→ Records drawn from a dataset:
(* Let $N\ge 3$, $N_e\ge 2$, $L\ge 1$ be integers, $P>0$, $\tau\in(0,1]$, $\sigma_R>0$, $c_4\in\mathbb{C}\setminus\{0\}$, $\alpha,\beta\in\mathbb{C}$ with $\alpha\neq0$ and $|\alpha|^2+|\beta|^2=1$, $\theta\in\mathbb{R}$ fixed, and $\mathbf{h}\in\mathbb{C}^N$ not a scalar multiple of $\mathbf{a}(\theta)$. Let $\mathbf{X}\in\mathbb{C}^{N\times L}$ be a known matrix (not depending on $\phi$) satisfying $\frac1L\mathbf{X}\mathbf{X}^H=\gamma_1\mathbf{t}_1\mathbf{t}_1^H+\gamma_2\sum_{i=3}^N\mathbf{t}_i\mathbf{t}_i^H$, where $\gamma_1=P\tau$, $\gamma_2=\frac{(1-\tau)P}{N-2}$. For $\phi\in(-\pi/2,\pi/2)$ consider the observation $\mathbf{Y}_{sr}=c_4\mathbf{c}(\phi)\mathbf{a}(\theta)^H\mathbf{X}+\mathbf{Z}_{sr}$, where the entries of $\mathbf{Z}_{sr}\in\mathbb{C}^{N_e\times L}$ are i.i.d. $\mathcal{CN}(0,\sigma_R^2)$, with unknown parameter $\xi=[\phi,\mathrm{Re}(c_4),\mathrm{Im}(c_4)]^T$. Let $\mathbf{u}_e(\xi)=\mathrm{vec}(c_4\mathbf{c}(\phi)\mathbf{a}(\theta)^H\mathbf{X})$, $\mathbf{F}_{i,j}=\frac{2}{\sigma_R^2}\mathrm{Re}\left\{\frac{\partial\mathbf{u}_e^H}{\partial\xi_i}\frac{\partial\mathbf{u}_e}{\partial\xi_j}\right\}$ and $\mathrm{CRB}(\phi)=[\mathbf{F}^{-1}]_{1,1}$. Then $$\mathrm{CRB}(\phi)=\frac{\sigma_R^2}{2|c_4|^2L\gamma_1\|\mathbf{c}'\|^2|\alpha|^2N},\qquad \|\mathbf{c}'\|^2=\frac{\pi^2\cos^2(\phi)N_e(N_e^2-1)}{12},$$ where $\mathbf{c}'$ is the derivative of $\mathbf{c}(\phi)$ with respect to $\phi$. Consequently, if $\phi\sim\mathcal{U}(-\pi/2,\pi/2)$, then for every $\epsilon>0$, with $x_\epsilon=\sqrt{6}\,\sigma_R\left(\epsilon N_eN\pi^2LP|c_4|^2|\alpha|^2\tau(N_e^2-1)\right)^{-1/2}$, we have $P(\mathrm{CRB}(\phi)>\epsilon)=\frac{2}{\pi}\sin^{-1}(x_\epsilon)$ if $x_\epsilon<1$, and $P(\mathrm{CRB}(\phi)>\epsilon)=1$ otherwise.
   Context: $\mathbf{a}(\theta)\in\mathbb{C}^N$ has $i$-th entry $e^{-j\pi\sin(\theta)\frac{N-(2i-1)}{2}}$; $\mathbf{c}(\phi)\in\mathbb{C}^{N_e}$ has $m$-th entry $e^{-j\pi\sin(\phi)\frac{N_e-(2m-1)}{2}}$. Define $\tilde{\mathbf{a}}=\mathbf{a}/\|\mathbf{a}\|$, $\tilde{\mathbf{h}}=\frac{\mathbf{h}-(\tilde{\mathbf{a}}^H\mathbf{h})\tilde{\mathbf{a}}}{\|\mathbf{h}-(\tilde{\mathbf{a}}^H\mathbf{h})\tilde{\mathbf{a}}\|}$, $\mathbf{t}_1=\alpha\tilde{\mathbf{a}}+\beta\tilde{\mathbf{h}}$, and let $\mathbf{t}_3,\dots,\mathbf{t}_N$ be an orthonormal basis of the orthogonal complement of $\mathrm{span}\{\tilde{\mathbf{a}},\tilde{\mathbf{h}}\}$ in $\mathbb{C}^N$. $\mathrm{vec}$ denotes column-stacking vectorization. *)

theory Defs
  imports "HOL-Probability.Probability"
begin

text \<open>Vectors in C^n are functions nat => complex, indexed by 1..n.\<close>

definition steer :: "nat \<Rightarrow> real \<Rightarrow> nat \<Rightarrow> complex" where
  "steer n ang i = exp (- \<i> * complex_of_real (pi * sin ang * (real n - (2 * real i - 1)) / 2))"

definition cinner :: "nat \<Rightarrow> (nat \<Rightarrow> complex) \<Rightarrow> (nat \<Rightarrow> complex) \<Rightarrow> complex" where
  "cinner n u v = (\<Sum>i=1..n. cnj (u i) * v i)"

→ Task directions: Exact retyping of all the entries is required.

→ Written response:
(* Let $N\ge 3$, $N_e\ge 2$, $L\ge 1$ be integers, $P>0$, $\tau\in(0,1]$, $\sigma_R>0$, $c_4\in\mathbb{C}\setminus\{0\}$, $\alpha,\beta\in\mathbb{C}$ with $\alpha\neq0$ and $|\alpha|^2+|\beta|^2=1$, $\theta\in\mathbb{R}$ fixed, and $\mathbf{h}\in\mathbb{C}^N$ not a scalar multiple of $\mathbf{a}(\theta)$. Let $\mathbf{X}\in\mathbb{C}^{N\times L}$ be a known matrix (not depending on $\phi$) satisfying $\frac1L\mathbf{X}\mathbf{X}^H=\gamma_1\mathbf{t}_1\mathbf{t}_1^H+\gamma_2\sum_{i=3}^N\mathbf{t}_i\mathbf{t}_i^H$, where $\gamma_1=P\tau$, $\gamma_2=\frac{(1-\tau)P}{N-2}$. For $\phi\in(-\pi/2,\pi/2)$ consider the observation $\mathbf{Y}_{sr}=c_4\mathbf{c}(\phi)\mathbf{a}(\theta)^H\mathbf{X}+\mathbf{Z}_{sr}$, where the entries of $\mathbf{Z}_{sr}\in\mathbb{C}^{N_e\times L}$ are i.i.d. $\mathcal{CN}(0,\sigma_R^2)$, with unknown parameter $\xi=[\phi,\mathrm{Re}(c_4),\mathrm{Im}(c_4)]^T$. Let $\mathbf{u}_e(\xi)=\mathrm{vec}(c_4\mathbf{c}(\phi)\mathbf{a}(\theta)^H\mathbf{X})$, $\mathbf{F}_{i,j}=\frac{2}{\sigma_R^2}\mathrm{Re}\left\{\frac{\partial\mathbf{u}_e^H}{\partial\xi_i}\frac{\partial\mathbf{u}_e}{\partial\xi_j}\right\}$ and $\mathrm{CRB}(\phi)=[\mathbf{F}^{-1}]_{1,1}$. Then $$\mathrm{CRB}(\phi)=\frac{\sigma_R^2}{2|c_4|^2L\gamma_1\|\mathbf{c}'\|^2|\alpha|^2N},\qquad \|\mathbf{c}'\|^2=\frac{\pi^2\cos^2(\phi)N_e(N_e^2-1)}{12},$$ where $\mathbf{c}'$ is the derivative of $\mathbf{c}(\phi)$ with respect to $\phi$. Consequently, if $\phi\sim\mathcal{U}(-\pi/2,\pi/2)$, then for every $\epsilon>0$, with $x_\epsilon=\sqrt{6}\,\sigma_R\left(\epsilon N_eN\pi^2LP|c_4|^2|\alpha|^2\tau(N_e^2-1)\right)^{-1/2}$, we have $P(\mathrm{CRB}(\phi)>\epsilon)=\frac{2}{\pi}\sin^{-1}(x_\epsilon)$ if $x_\epsilon<1$, and $P(\mathrm{CRB}(\phi)>\epsilon)=1$ otherwise.
   Context: $\mathbf{a}(\theta)\in\mathbb{C}^N$ has $i$-th entry $e^{-j\pi\sin(\theta)\frac{N-(2i-1)}{2}}$; $\mathbf{c}(\phi)\in\mathbb{C}^{N_e}$ has $m$-th entry $e^{-j\pi\sin(\phi)\frac{N_e-(2m-1)}{2}}$. Define $\tilde{\mathbf{a}}=\mathbf{a}/\|\mathbf{a}\|$, $\tilde{\mathbf{h}}=\frac{\mathbf{h}-(\tilde{\mathbf{a}}^H\mathbf{h})\tilde{\mathbf{a}}}{\|\mathbf{h}-(\tilde{\mathbf{a}}^H\mathbf{h})\tilde{\mathbf{a}}\|}$, $\mathbf{t}_1=\alpha\tilde{\mathbf{a}}+\beta\tilde{\mathbf{h}}$, and let $\mathbf{t}_3,\dots,\mathbf{t}_N$ be an orthonormal basis of the orthogonal complement of $\mathrm{span}\{\tilde{\mathbf{a}},\tilde{\mathbf{h}}\}$ in $\mathbb{C}^N$. $\mathrm{vec}$ denotes column-stacking vectorization. *)

theory Defs
  imports "HOL-Probability.Probability"
begin

text \<open>Vectors in C^n are functions nat => complex, indexed by 1..n.\<close>

definition steer :: "nat \<Rightarrow> real \<Rightarrow> nat \<Rightarrow> complex" where
  "steer n ang i = exp (- \<i> * complex_of_real (pi * sin ang * (real n - (2 * real i - 1)) / 2))"

definition cinner :: "nat \<Rightarrow> (nat \<Rightarrow> complex) \<Rightarrow> (nat \<Rightarrow> complex) \<Rightarrow> complex" where
  "cinner n u v = (\<Sum>i=1..n. cnj (u i) * v i)"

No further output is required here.